- **Exercise prompt**
Lines that contain "obtain": how many are there in the listing below? Answer with a number and nothing more.
----
(* Let $\mathbf{v}_1,\ldots,\mathbf{v}_k$ be orthogonal unit vectors in $\mathbb{R}^k$, let $F:\mathbb{R}^{kn}\to\mathbb{R}$ be \[ F(\mathbf{w}_1,\ldots,\mathbf{w}_n)=\mathbb{E}_{\mathbf{x}\sim\mathcal{N}(\mathbf{0},I_k)}\left[\frac{1}{2}\left(\sum_{i=1}^{n}[\mathbf{w}_i^\top\mathbf{x}]_+-\sum_{i=1}^{k}[\mathbf{v}_i^\top\mathbf{x}]_+\right)^2\right], \] and let $\mathbf{w}=(\mathbf{w}_1,\ldots,\mathbf{w}_n)\in\mathbb{R}^{kn}$ and $\alpha>0$ be such that $F$ is thrice differentiable on an open set containing the closed ball of radius $\alpha$ centered at $\mathbf{w}$. For a unit vector $\mathbf{u}\in\mathbb{R}^{kn}$ and $t\in(0,\alpha]$ let $R_{\mathbf{w},\mathbf{u},t}$ be the number with $F(\mathbf{w}+t\mathbf{u})=F(\mathbf{w})+t\nabla F(\mathbf{w})^\top\mathbf{u}+\tfrac{1}{2}t^2\mathbf{u}^\top\nabla^2F(\mathbf{w})\mathbf{u}+\tfrac{1}{6}t^3R_{\mathbf{w},\mathbf{u},t}$. Assume that for some $\epsilon,B>0$, $\|\nabla F(\mathbf{w})\|\le\epsilon$ and $\sup_{t\in(0,\alpha],\|\mathbf{u}\|=1}|R_{\mathbf{w},\mathbf{u},t}|\le B$; that the smallest eigenvalue $\lambda_{\min}$ of $\nabla^2F(\mathbf{w})$ is positive; that $9\lambda_{\min}^2-25B\epsilon\ge0$; and that $r:=\frac{3\lambda_{\min}-\sqrt{9\lambda_{\min}^2-25B\epsilon}}{2B}$ satisfies $r<\alpha$ and $r<\min_i\|\mathbf{w}_i\|$. If moreover \[ F(\mathbf{w})>r^2\left(\frac{1}{2}+n(n-1)\left(\frac{\max_i\|\mathbf{w}_i\|+r}{2\pi(\min_i\|\mathbf{w}_i\|-r)}+\frac{1}{2}\right)+\frac{nk\max_i\|\mathbf{v}_i\|}{2\pi(\min_i\|\mathbf{w}_i\|-r)}\right)+r\epsilon, \] then $F$ has a local minimum $\mathbf{w}^*$ with $\|\mathbf{w}^*-\mathbf{w}\|\le r$ which is not a global minimum (i.e. $F(\mathbf{w}^* )>\inf F=0$).
   Context: $[z]_+=\max\{0,z\}$. A local minimum of $F$ is a point $\mathbf{w}^*$ with $F(\mathbf{w}^* )\le F(\mathbf{w}')$ for all $\mathbf{w}'$ in some open neighborhood of $\mathbf{w}^*$. Norms are Euclidean. *)

theory Defs
  imports "HOL-Analysis.Analysis" "HOL-Probability.Probability"
begin

definition relu :: "real \<Rightarrow> real" where
  "relu z = max 0 z"

definition gauss_exp :: "(real^'k \<Rightarrow> real) \<Rightarrow> real" where
  "gauss_exp f = (\<integral>x. (\<Prod>j\<in>UNIV. std_normal_density (x$j)) * f x \<partial>lborel)"

definition Floss :: "real^'k^'k \<Rightarrow> real^'k^'n \<Rightarrow> real" where
  "Floss v w = gauss_exp (\<lambda>x. (1/2) *
      ((\<Sum>i\<in>UNIV. relu (w$i \<bullet> x)) - (\<Sum>i\<in>UNIV. relu (v$i \<bullet> x)))\<^sup>2)"

definition grad_of :: "('a::euclidean_space \<Rightarrow>\<^sub>L real) \<Rightarrow> 'a" where
  "grad_of D = (\<Sum>b\<in>Basis. D b *\<^sub>R b)"

definition hess_op :: "('a::euclidean_space \<Rightarrow>\<^sub>L 'a \<Rightarrow>\<^sub>L real) \<Rightarrow> 'a \<Rightarrow> 'a" where
  "hess_op H u = (\<Sum>b\<in>Basis. H u b *\<^sub>R b)"

definition min_eig :: "('a::euclidean_space \<Rightarrow>\<^sub>L 'a \<Rightarrow>\<^sub>L real) \<Rightarrow> real" where
  "min_eig H = Min {c. \<exists>u. u \<noteq> 0 \<and> hess_op H u = c *\<^sub>R u}"

definition taylor_R :: "('a::real_normed_vector \<Rightarrow> real) \<Rightarrow> ('a \<Rightarrow>\<^sub>L real) \<Rightarrow>
    ('a \<Rightarrow>\<^sub>L 'a \<Rightarrow>\<^sub>L real) \<Rightarrow> 'a \<Rightarrow> 'a \<Rightarrow> real \<Rightarrow> real" where
  "taylor_R F D1 D2 w u t =
     6 / t^3 * (F (w + t *\<^sub>R u) - F w - t * D1 u - t\<^sup>2 / 2 * D2 u u)"

definition local_min :: "('a::topological_space \<Rightarrow> real) \<Rightarrow> 'a \<Rightarrow> bool" where
  "local_min F x \<longleftrightarrow> (\<exists>S. open S \<and> x \<in> S \<and> (\<forall>y\<in>S. F x \<le> F y))"

end

theory Submission
  imports Defs
begin

text \<open>Taylor expansion to third order with \<open>\<parallel>\<nabla>F(w)\<parallel> \<le> \<epsilon>\<close>, Hessian at least \<open>\<lambda>\<close> on unit vectors
  and remainder at most \<open>B\<close> gives
  \<open>F(w + t u) \<ge> F(w) - t \<epsilon> + t\<^sup>2 (\<lambda>/2 - t B/6)\<close>. At the radius \<open>r\<close>, the smaller root of
  \<open>B r\<^sup>2 - 3 \<lambda> r + 25 \<epsilon> / 4 = 0\<close>, the right-hand side exceeds \<open>F(w)\<close>, so the minimum of \<open>F\<close>
  on the closed ball of radius \<open>r\<close> is attained in the interior and is a local minimum;
  its value is at least \<open>F(w) - r \<epsilon>\<close>, which the hypothesis on \<open>F(w)\<close> makes positive.
  The lower bound on the Hessian form comes from the smallest eigenvalue, which needs
  the Hessian to be symmetric (Schwarz's theorem, from continuity of the second derivative).\<close>

lemma has_real_derivative_along_line:
  fixes f :: "'a::real_normed_vector \<Rightarrow> real"
  assumes "(f has_derivative D) (at (a + s *\<^sub>R d))"
  shows "((\<lambda>t. f (a + t *\<^sub>R d)) has_real_derivative D d) (at s)"
proof -
  have line: "((\<lambda>t. a + t *\<^sub>R d) has_derivative (\<lambda>t. t *\<^sub>R d)) (at s)"
    by (auto intro!: derivative_eq_intros)
  have "linear D" using assms has_derivative_linear by blast
  moreover have "((\<lambda>t. f (a + t *\<^sub>R d)) has_derivative (\<lambda>t. D (t *\<^sub>R d))) (at s)"
    by (rule has_derivative_compose[OF line assms])
  ultimately show ?thesis
    unfolding has_field_derivative_def
    by (elim has_derivative_eq_rhs) (auto simp: linear_scale)
qed

lemma abs_blinfun_apply2_diff_le:
  fixes L M :: "'a::real_normed_vector \<Rightarrow>\<^sub>L 'b::real_normed_vector \<Rightarrow>\<^sub>L real"
  assumes "norm (L - M) \<le> e"
  shows "\<bar>L a b - M a b\<bar> \<le> e * norm a * norm b"
proof -
  have "\<bar>L a b - M a b\<bar> = \<bar>(L - M) a b\<bar>" by (simp add: blinfun.diff_left)
  also have "\<dots> \<le> norm ((L - M) a) * norm b" using norm_blinfun[of "(L - M) a" b] by simp
  also have "\<dots> \<le> norm (L - M) * norm a * norm b"
    by (intro mult_right_mono norm_blinfun) auto
  also have "\<dots> \<le> e * norm a * norm b"
    using assms by (intro mult_right_mono) auto
  finally show ?thesis .
qed

text \<open>Two applications of the mean value theorem, first along \<open>x\<close>, then along \<open>y\<close>.\<close>

lemma second_difference_mean_value:
  fixes f :: "'a::real_normed_vector \<Rightarrow> real" and f1 :: "'a \<Rightarrow> ('a \<Rightarrow>\<^sub>L real)"
    and f2 :: "'a \<Rightarrow> ('a \<Rightarrow>\<^sub>L 'a \<Rightarrow>\<^sub>L real)"
  assumes d1: "\<And>z. z \<in> ball w \<rho> \<Longrightarrow> (f has_derivative blinfun_apply (f1 z)) (at z)"
    and d2: "\<And>z. z \<in> ball w \<rho> \<Longrightarrow> (f1 has_derivative blinfun_apply (f2 z)) (at z)"
    and h: "h > 0" "h * (norm x + norm y) < \<rho>"
  shows "\<exists>z. dist z w \<le> h * (norm x + norm y) \<and>
     f (w + h *\<^sub>R x + h *\<^sub>R y) - f (w + h *\<^sub>R x) - f (w + h *\<^sub>R y) + f w = h\<^sup>2 * f2 z y x"
proof -
  have dist_le: "dist (w + s *\<^sub>R x + t *\<^sub>R y) w \<le> h * (norm x + norm y)"
    if "0 \<le> s" "s \<le> h" "0 \<le> t" "t \<le> h" for s t
  proof -
    have "norm (s *\<^sub>R x + t *\<^sub>R y) \<le> s * norm x + t * norm y"
      using norm_triangle_ineq[of "s *\<^sub>R x" "t *\<^sub>R y"] that by simp
    also have "\<dots> \<le> h * norm x + h * norm y"
      using that by (intro add_mono mult_right_mono) auto
    finally show ?thesis by (simp add: dist_norm algebra_simps)
  qed
  have in_ball: "w + s *\<^sub>R x + t *\<^sub>R y \<in> ball w \<rho>" if "0 \<le> s" "s \<le> h" "0 \<le> t" "t \<le> h" for s t
    using dist_le[OF that] h by (simp add: dist_commute)
  define g where "g s = f (w + s *\<^sub>R x + h *\<^sub>R y) - f (w + s *\<^sub>R x)" for s
  have dg: "DERIV g s :> f1 (w + s *\<^sub>R x + h *\<^sub>R y) x - f1 (w + s *\<^sub>R x) x" if "0 \<le> s" "s \<le> h" for s
  proof -
    have "(f has_derivative blinfun_apply (f1 (w + s *\<^sub>R x + h *\<^sub>R y))) (at ((w + h *\<^sub>R y) + s *\<^sub>R x))"
      using d1[OF in_ball[of s h]] that h by (simp add: add_ac)
    moreover have "(f has_derivative blinfun_apply (f1 (w + s *\<^sub>R x))) (at (w + s *\<^sub>R x))"
      using d1[OF in_ball[of s 0]] that h by simp
    ultimately have "((\<lambda>s. f ((w + h *\<^sub>R y) + s *\<^sub>R x) - f (w + s *\<^sub>R x)) has_real_derivative
        f1 (w + s *\<^sub>R x + h *\<^sub>R y) x - f1 (w + s *\<^sub>R x) x) (at s)"
      by (intro DERIV_diff has_real_derivative_along_line)
    then show ?thesis unfolding g_def by (simp add: add_ac)
  qed
  then obtain \<xi> where xi: "0 < \<xi>" "\<xi> < h"
    "g h - g 0 = h * (f1 (w + \<xi> *\<^sub>R x + h *\<^sub>R y) x - f1 (w + \<xi> *\<^sub>R x) x)"
    using MVT2[OF h(1) dg] by auto
  define k where "k t = f1 (w + \<xi> *\<^sub>R x + t *\<^sub>R y) x" for t
  have dk: "DERIV k t :> f2 (w + \<xi> *\<^sub>R x + t *\<^sub>R y) y x" if "0 \<le> t" "t \<le> h" for t
  proof -
    have "((\<lambda>z. f1 z x) has_derivative (\<lambda>d. f2 (w + \<xi> *\<^sub>R x + t *\<^sub>R y) d x)) (at (w + \<xi> *\<^sub>R x + t *\<^sub>R y))"
      using d2[OF in_ball[of \<xi> t]] xi that by (auto intro!: derivative_eq_intros)
    from has_real_derivative_along_line[OF this] show ?thesis unfolding k_def .
  qed
  then obtain \<eta> where eta: "0 < \<eta>" "\<eta> < h"
    "k h - k 0 = h * f2 (w + \<xi> *\<^sub>R x + \<eta> *\<^sub>R y) y x"
    using MVT2[OF h(1) dk] by auto
  show ?thesis
  proof (intro exI conjI)
    show "dist (w + \<xi> *\<^sub>R x + \<eta> *\<^sub>R y) w \<le> h * (norm x + norm y)"
      using dist_le xi eta by auto
    show "f (w + h *\<^sub>R x + h *\<^sub>R y) - f (w + h *\<^sub>R x) - f (w + h *\<^sub>R y) + f w
        = h\<^sup>2 * f2 (w + \<xi> *\<^sub>R x + \<eta> *\<^sub>R y) y x"
      using xi(3) eta(3) unfolding g_def k_def by (simp add: power2_eq_square)
  qed
qed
----
- **Answer box**
2